* _Problem to solve_
From the records below, count the lines holding the string "dots". Only the number is wanted.

* _Dataset entries_
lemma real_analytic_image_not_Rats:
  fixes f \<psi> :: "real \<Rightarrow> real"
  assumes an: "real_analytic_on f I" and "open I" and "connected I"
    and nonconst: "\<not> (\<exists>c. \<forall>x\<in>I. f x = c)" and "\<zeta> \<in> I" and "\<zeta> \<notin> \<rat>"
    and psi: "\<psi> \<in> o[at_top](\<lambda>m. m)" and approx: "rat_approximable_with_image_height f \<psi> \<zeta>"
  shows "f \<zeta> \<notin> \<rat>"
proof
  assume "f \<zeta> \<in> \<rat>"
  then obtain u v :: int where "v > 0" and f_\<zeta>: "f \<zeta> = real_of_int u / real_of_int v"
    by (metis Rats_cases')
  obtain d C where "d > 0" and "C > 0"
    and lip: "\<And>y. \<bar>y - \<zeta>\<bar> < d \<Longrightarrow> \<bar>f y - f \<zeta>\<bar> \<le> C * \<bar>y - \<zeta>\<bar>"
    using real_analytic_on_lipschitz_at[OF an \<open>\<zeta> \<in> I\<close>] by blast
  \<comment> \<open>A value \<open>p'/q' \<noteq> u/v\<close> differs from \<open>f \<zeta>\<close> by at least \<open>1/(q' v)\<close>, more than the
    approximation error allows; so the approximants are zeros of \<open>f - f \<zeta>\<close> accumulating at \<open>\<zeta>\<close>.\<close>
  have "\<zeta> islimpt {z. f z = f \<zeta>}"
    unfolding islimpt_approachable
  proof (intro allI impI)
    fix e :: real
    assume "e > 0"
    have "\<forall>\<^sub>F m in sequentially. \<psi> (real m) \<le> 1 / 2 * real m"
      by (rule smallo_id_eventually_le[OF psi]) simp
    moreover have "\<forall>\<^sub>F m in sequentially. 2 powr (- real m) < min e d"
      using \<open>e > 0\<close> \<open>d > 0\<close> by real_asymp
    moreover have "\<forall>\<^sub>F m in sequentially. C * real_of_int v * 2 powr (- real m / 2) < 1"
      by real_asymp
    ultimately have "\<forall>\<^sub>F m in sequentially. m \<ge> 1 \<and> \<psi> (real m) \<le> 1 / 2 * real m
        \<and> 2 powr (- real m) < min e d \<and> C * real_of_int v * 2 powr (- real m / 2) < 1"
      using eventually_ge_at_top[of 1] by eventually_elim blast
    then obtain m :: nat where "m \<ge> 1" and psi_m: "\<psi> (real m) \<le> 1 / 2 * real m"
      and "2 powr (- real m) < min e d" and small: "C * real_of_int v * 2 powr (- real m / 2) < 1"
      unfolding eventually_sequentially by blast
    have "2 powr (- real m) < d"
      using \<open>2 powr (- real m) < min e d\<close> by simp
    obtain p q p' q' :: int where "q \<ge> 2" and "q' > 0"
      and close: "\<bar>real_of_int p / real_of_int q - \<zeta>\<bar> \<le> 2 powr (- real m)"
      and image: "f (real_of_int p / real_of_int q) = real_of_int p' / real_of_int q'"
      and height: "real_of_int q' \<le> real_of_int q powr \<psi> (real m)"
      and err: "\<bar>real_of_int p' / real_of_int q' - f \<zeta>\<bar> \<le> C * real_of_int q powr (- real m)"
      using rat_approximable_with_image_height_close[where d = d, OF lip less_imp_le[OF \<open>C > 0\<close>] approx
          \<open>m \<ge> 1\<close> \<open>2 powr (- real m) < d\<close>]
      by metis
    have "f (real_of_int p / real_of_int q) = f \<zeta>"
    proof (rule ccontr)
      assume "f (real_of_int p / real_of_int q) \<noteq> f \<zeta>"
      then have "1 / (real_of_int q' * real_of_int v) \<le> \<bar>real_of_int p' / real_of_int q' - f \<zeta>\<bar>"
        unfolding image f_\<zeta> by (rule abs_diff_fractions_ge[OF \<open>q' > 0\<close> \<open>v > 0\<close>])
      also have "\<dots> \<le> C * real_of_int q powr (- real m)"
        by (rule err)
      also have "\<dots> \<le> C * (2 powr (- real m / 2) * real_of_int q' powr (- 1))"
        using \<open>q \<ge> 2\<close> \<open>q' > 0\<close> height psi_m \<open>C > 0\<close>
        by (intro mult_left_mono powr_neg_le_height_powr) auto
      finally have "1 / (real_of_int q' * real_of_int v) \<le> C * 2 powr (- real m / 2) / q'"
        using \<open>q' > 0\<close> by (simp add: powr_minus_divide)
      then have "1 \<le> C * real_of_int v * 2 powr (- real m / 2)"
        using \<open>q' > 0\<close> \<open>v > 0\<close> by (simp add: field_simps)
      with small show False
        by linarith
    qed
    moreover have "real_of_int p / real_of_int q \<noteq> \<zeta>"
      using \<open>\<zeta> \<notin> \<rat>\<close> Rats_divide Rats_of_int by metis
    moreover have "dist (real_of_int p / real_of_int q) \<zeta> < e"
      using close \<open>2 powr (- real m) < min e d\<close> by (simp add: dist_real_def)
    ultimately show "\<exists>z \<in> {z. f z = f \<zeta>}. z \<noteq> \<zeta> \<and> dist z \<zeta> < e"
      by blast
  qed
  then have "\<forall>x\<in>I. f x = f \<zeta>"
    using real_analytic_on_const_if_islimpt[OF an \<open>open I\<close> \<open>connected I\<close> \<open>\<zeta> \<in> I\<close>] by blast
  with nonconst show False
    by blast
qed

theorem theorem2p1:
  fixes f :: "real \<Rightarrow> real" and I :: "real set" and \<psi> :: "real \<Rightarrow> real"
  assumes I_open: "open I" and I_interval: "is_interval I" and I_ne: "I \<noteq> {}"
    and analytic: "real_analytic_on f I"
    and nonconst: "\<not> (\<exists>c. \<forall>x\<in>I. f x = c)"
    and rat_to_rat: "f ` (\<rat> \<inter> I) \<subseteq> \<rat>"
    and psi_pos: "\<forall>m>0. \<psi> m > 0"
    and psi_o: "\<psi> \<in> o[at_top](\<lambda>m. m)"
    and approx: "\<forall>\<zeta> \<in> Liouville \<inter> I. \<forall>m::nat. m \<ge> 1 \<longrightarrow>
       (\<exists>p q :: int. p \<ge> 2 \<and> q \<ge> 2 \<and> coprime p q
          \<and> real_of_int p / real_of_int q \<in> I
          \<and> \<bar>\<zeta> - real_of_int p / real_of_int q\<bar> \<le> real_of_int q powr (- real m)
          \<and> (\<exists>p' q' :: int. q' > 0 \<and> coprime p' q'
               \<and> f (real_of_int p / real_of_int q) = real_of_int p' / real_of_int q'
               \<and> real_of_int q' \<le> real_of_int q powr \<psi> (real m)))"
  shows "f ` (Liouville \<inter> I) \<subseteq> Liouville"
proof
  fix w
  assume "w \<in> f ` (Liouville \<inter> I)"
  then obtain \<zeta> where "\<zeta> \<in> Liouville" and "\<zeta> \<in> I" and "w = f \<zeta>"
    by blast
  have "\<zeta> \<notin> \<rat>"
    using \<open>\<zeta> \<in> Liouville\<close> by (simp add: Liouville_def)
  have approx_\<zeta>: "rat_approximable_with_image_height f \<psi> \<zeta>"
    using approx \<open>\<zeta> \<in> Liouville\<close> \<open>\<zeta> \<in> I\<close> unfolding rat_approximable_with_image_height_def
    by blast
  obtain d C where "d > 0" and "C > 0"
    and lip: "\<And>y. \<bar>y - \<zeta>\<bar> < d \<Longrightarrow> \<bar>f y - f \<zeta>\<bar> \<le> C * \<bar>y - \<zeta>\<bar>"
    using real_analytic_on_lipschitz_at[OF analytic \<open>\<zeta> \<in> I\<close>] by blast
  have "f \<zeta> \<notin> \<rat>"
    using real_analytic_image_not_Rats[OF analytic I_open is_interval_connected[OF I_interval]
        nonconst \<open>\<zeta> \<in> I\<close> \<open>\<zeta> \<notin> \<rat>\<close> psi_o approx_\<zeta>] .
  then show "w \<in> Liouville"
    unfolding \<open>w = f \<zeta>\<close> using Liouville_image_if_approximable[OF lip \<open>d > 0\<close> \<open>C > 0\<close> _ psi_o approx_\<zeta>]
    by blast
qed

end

* _Solution for this task_
2